By the time all of them were, all they saw was a blast of power heading straight for them and a woman riding on top of it with sword raised.
As the projectile hit the mage they’d been aiming for, the physical blast threw every single person within a kilometer off their feet. And Sara got to work.
She couldn’t see the domes these individual mages were attached to in the distance, but she could still see the lines feeding their magic via construct to the field. The field where her compatriots were alone—isolated and dying. So she did what she had come here to do. Sara raised her second sword until it danced in the air alongside the first like the wings of an avenging angel, and she cut.
As she twisted off the back of the mage projectile and landed with ease on the ground, her right arm automatically rose to cut the nearest strand of magic that was powering a shield, any shield, that she could see. Her heart stopped for a second as her sword hovered a centimeter above that first string. As she brought the blade down, she had to wonder if this would work.
She wasn’t physically here, after all. Nor were her swords. Nor was the magic, not in a tangible sense. So it was a risk. But as she remembered the feel of the projectile hitting their target mage, and not only destroying his connection to their shield wall but all his mental awareness as well, she thought it was worth a try.
So she brought that blade down with all the force she could.
And the string snapped with a twa-ang.
When that string snapped, it didn’t just prove that Arcnus’s theory had been right all along. It also proved that their enemy was vulnerable. Because she watched the magic that had been pulsing through that string, like blood in a vein, recoil into its original mage, and that mage died the moment it did. It was instantaneous, and she already knew the ramifications were far-reaching. They had already killed the shield mage in the initial strike, but this meant that far more would die before she was done.
Sara could have screamed in delight. Instead, she saved her voice for more important matters and swung with abandon. All of the shield mages were still dazed and vulnerable on the ground from the residual effect of the blast. Others were even unconscious, which meant none challenged her.
She danced across the field, cutting each shield string with awesome force before jumping to the next and the next and the next.
It had always been their goal to bring down the Kades wherever they could, to give their forces some advantage, and failing that—reinforcements where necessary. This would do that.
As she finished her task and her sword hovered over the last blood-red string, Sara looked back for her team.

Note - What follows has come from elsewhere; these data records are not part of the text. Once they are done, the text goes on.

(* Let $\sigma_W,\sigma_B>0$ and let $G$ be a regular simple undirected graph with vertex set $[n]$. If $(\mathbf{W},\mathbf{B})$ is a separable, $(\sigma_W,\sigma_B)$-disordered energy landscape on $G$, and $I\in V(G)$ is uniformly random and independent of $(\mathbf{W},\mathbf{B})$, then \[ \mathbb{E}(\mathrm{Var}\,A_I)\leq 4\sigma_B^2\quad\text{and}\quad\mathbb{E}\big((\mathrm{Var}\,A_I)^2\big)\leq 1720\,\sigma_B^4, \] where $A_i=\log\sum_{j:\,j\sim i}\exp(-B_{ij})$.
   Context: $j\sim i$ means $(i,j)\in E(G)$. A $(\sigma_W,\sigma_B)$-disordered energy landscape on $G$ is a pair $(\mathbf{W},\mathbf{B})$ of i.i.d. $\mathcal{N}(0,\sigma_W^2)$ well depths $\mathbf{W}=(W_i)_{i\in V(G)}$ and barrier heights $\mathbf{B}=(B_{ij})_{(i,j)\in E(G)}$ with $B_{ij}=B_{ji}\sim\mathcal{N}(0,\sigma_B^2)$ for every edge. It is separable if there exist $f:\mathbb{R}\to\mathbb{R}$ and $\sigma>0$ such that for every vertex $i$, $(B_{ij}-f(W_i))_{j:\,j\sim i}$ is a vector of i.i.d. $\mathcal{N}(0,\sigma^2)$ random variables, also independent of $W_i$. $\mathrm{Var}\,A_I$ denotes the variance over $I$ conditional on $(\mathbf{W},\mathbf{B})$, i.e. $\frac1n\sum_i(A_i-\bar A)^2$; $\mathbb{E}$ is over the landscape. *)

theory Defs
  imports "HOL-Probability.Probability"
begin

definition simple_graph_on :: "nat \<Rightarrow> (nat \<Rightarrow> nat \<Rightarrow> bool) \<Rightarrow> bool" where
  "simple_graph_on n E \<longleftrightarrow>
     (\<forall>i j. E i j \<longrightarrow> i < n \<and> j < n) \<and> (\<forall>i j. E i j \<longrightarrow> E j i) \<and> (\<forall>i. \<not> E i i)"

definition nbrs :: "nat \<Rightarrow> (nat \<Rightarrow> nat \<Rightarrow> bool) \<Rightarrow> nat \<Rightarrow> nat set" where
  "nbrs n E i = {j \<in> {0..<n}. E i j}"

definition regular_graph :: "nat \<Rightarrow> (nat \<Rightarrow> nat \<Rightarrow> bool) \<Rightarrow> bool" where
  "regular_graph n E \<longleftrightarrow> (\<exists>d. \<forall>i<n. card (nbrs n E i) = d)"

definition disordered_landscape ::
  "'a measure \<Rightarrow> nat \<Rightarrow> (nat \<Rightarrow> nat \<Rightarrow> bool) \<Rightarrow> real \<Rightarrow> real \<Rightarrow>
   (nat \<Rightarrow> 'a \<Rightarrow> real) \<Rightarrow> (nat \<Rightarrow> nat \<Rightarrow> 'a \<Rightarrow> real) \<Rightarrow> bool" where
  "disordered_landscape M n E \<sigma>W \<sigma>B W B \<longleftrightarrow>
     prob_space.indep_vars M (\<lambda>_. borel) W {0..<n} \<and>
     (\<forall>i<n. distributed M lborel (W i) (normal_density 0 \<sigma>W)) \<and>
     (\<forall>i j. E i j \<longrightarrow> B i j = B j i) \<and>
     prob_space.indep_vars M (\<lambda>_. borel) (\<lambda>(i, j). B i j) {(i, j). E i j \<and> i < j} \<and>
     (\<forall>i j. E i j \<longrightarrow> distributed M lborel (B i j) (normal_density 0 \<sigma>B))"

definition separable ::
  "'a measure \<Rightarrow> nat \<Rightarrow> (nat \<Rightarrow> nat \<Rightarrow> bool) \<Rightarrow>
   (nat \<Rightarrow> 'a \<Rightarrow> real) \<Rightarrow> (nat \<Rightarrow> nat \<Rightarrow> 'a \<Rightarrow> real) \<Rightarrow> bool" where
  "separable M n E W B \<longleftrightarrow>
     (\<exists>(f :: real \<Rightarrow> real) (\<sigma> :: real). \<sigma> > 0 \<and>
       (\<forall>i<n.
          prob_space.indep_vars M (\<lambda>_. borel)
            (\<lambda>k. case k of None \<Rightarrow> W i | Some j \<Rightarrow> (\<lambda>\<omega>. B i j \<omega> - f (W i \<omega>)))
            (insert None (Some ` nbrs n E i)) \<and>
          (\<forall>j \<in> nbrs n E i. distributed M lborel (\<lambda>\<omega>. B i j \<omega> - f (W i \<omega>)) (normal_density 0 \<sigma>))))"

definition A_val :: "nat \<Rightarrow> (nat \<Rightarrow> nat \<Rightarrow> bool) \<Rightarrow> (nat \<Rightarrow> nat \<Rightarrow> 'a \<Rightarrow> real) \<Rightarrow> nat \<Rightarrow> 'a \<Rightarrow> real" where
  "A_val n E B i \<omega> = ln (\<Sum>j \<in> nbrs n E i. exp (- B i j \<omega>))"

text \<open>Var A_I for I uniform on [n], conditional on the landscape.\<close>

definition var_A :: "nat \<Rightarrow> (nat \<Rightarrow> nat \<Rightarrow> bool) \<Rightarrow> (nat \<Rightarrow> nat \<Rightarrow> 'a \<Rightarrow> real) \<Rightarrow> 'a \<Rightarrow> real" where
  "var_A n E B \<omega> =
     (let m = (\<Sum>i<n. A_val n E B i \<omega>) / real n
      in (\<Sum>i<n. (A_val n E B i \<omega> - m)\<^sup>2) / real n)"

end

(*
  Each A_i is the log-partition function ln (sum_j exp (-B_ij)) of the d independent
  N(0, sigma_B^2) barriers around i, so by regularity all A_i have the same mean c.
  The empirical variance is at most the average of (A_i - c)^2, and its square at most
  the average of (A_i - c)^4. The Gaussian Poincare inequality Var F <= sigma^2 E |grad F|^2,
  obtained from the one-dimensional case and the Efron-Stein inequality, applies to the
  log-partition function, whose gradient is minus the Gibbs distribution and so has norm
  at most 1: hence E (A_i - c)^2 <= sigma_B^2. Applied to (A_i - c)^2 it gives
  Var (A_i - c)^2 <= 4 sigma_B^4 and so E (A_i - c)^4 <= 5 sigma_B^4.
*)

theory Submission
  imports Defs
begin

lemma (in finite_measure) integrable_sq_if_nn_integral_sq_diff_finite:
  fixes g :: "'a \<Rightarrow> real"
  assumes gm: "g \<in> borel_measurable M"
    and fin: "(\<integral>\<^sup>+x. ennreal ((g x - a)\<^sup>2) \<partial>M) < \<infinity>"
  shows "integrable M (\<lambda>x. (g x)\<^sup>2)"
proof (rule Bochner_Integration.integrable_bound)
  have "integrable M (\<lambda>x. (g x - a)\<^sup>2)"
    using fin gm by (intro integrableI_nonneg) (auto simp: less_top)
  then show "integrable M (\<lambda>x. 2 * (g x - a)\<^sup>2 + 2 * a\<^sup>2)"
    by auto
  show "(\<lambda>x. (g x)\<^sup>2) \<in> borel_measurable M" using gm by measurable
  have "(g x)\<^sup>2 \<le> 2 * (g x - a)\<^sup>2 + 2 * a\<^sup>2" for x
  proof -
    have "0 \<le> (g x - 2 * a)\<^sup>2" by simp
    then show ?thesis by (simp add: power2_eq_square algebra_simps)
  qed
  then show "AE x in M. norm ((g x)\<^sup>2) \<le> norm (2 * (g x - a)\<^sup>2 + 2 * a\<^sup>2)"
    by (auto intro!: AE_I2)
qed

Two stood watching her, and they nodded in encouragement.
She raised a brow, wondering where Arcnus had gone off to, but she thought maybe there was just one more thing he needed to get done. Thinking nothing more on it, she whirled in a pirouette that would have done her mother the dancer proud and sliced her sword through that final string.
As it snapped, it was as if its power snapped through Sara and flung her back to her comrades.
Isabelle caught Sara before she fell, careful not to touch the swords as she did. Then she said, as they all watched angry Kades pour from tents on the mountainside and start running toward them, “Let’s go.”
Sara didn’t want to go—she wanted to face them.
But her job was done, and now was neither the time nor the place. They couldn’t face an avenging army alone, just the four of them, and magically summon up the strength to wipe them out. Not to mention the mechanics of fighting in a metaphysical state against all-too-physical fighters who had more mages on their side.
So she watched as Isabelle released the spell that snapped them all back into their bodies in their own camp. When Sara opened her eyes, the first thing she saw was that the shield wall was gone.
The second was that Arcnus was dead.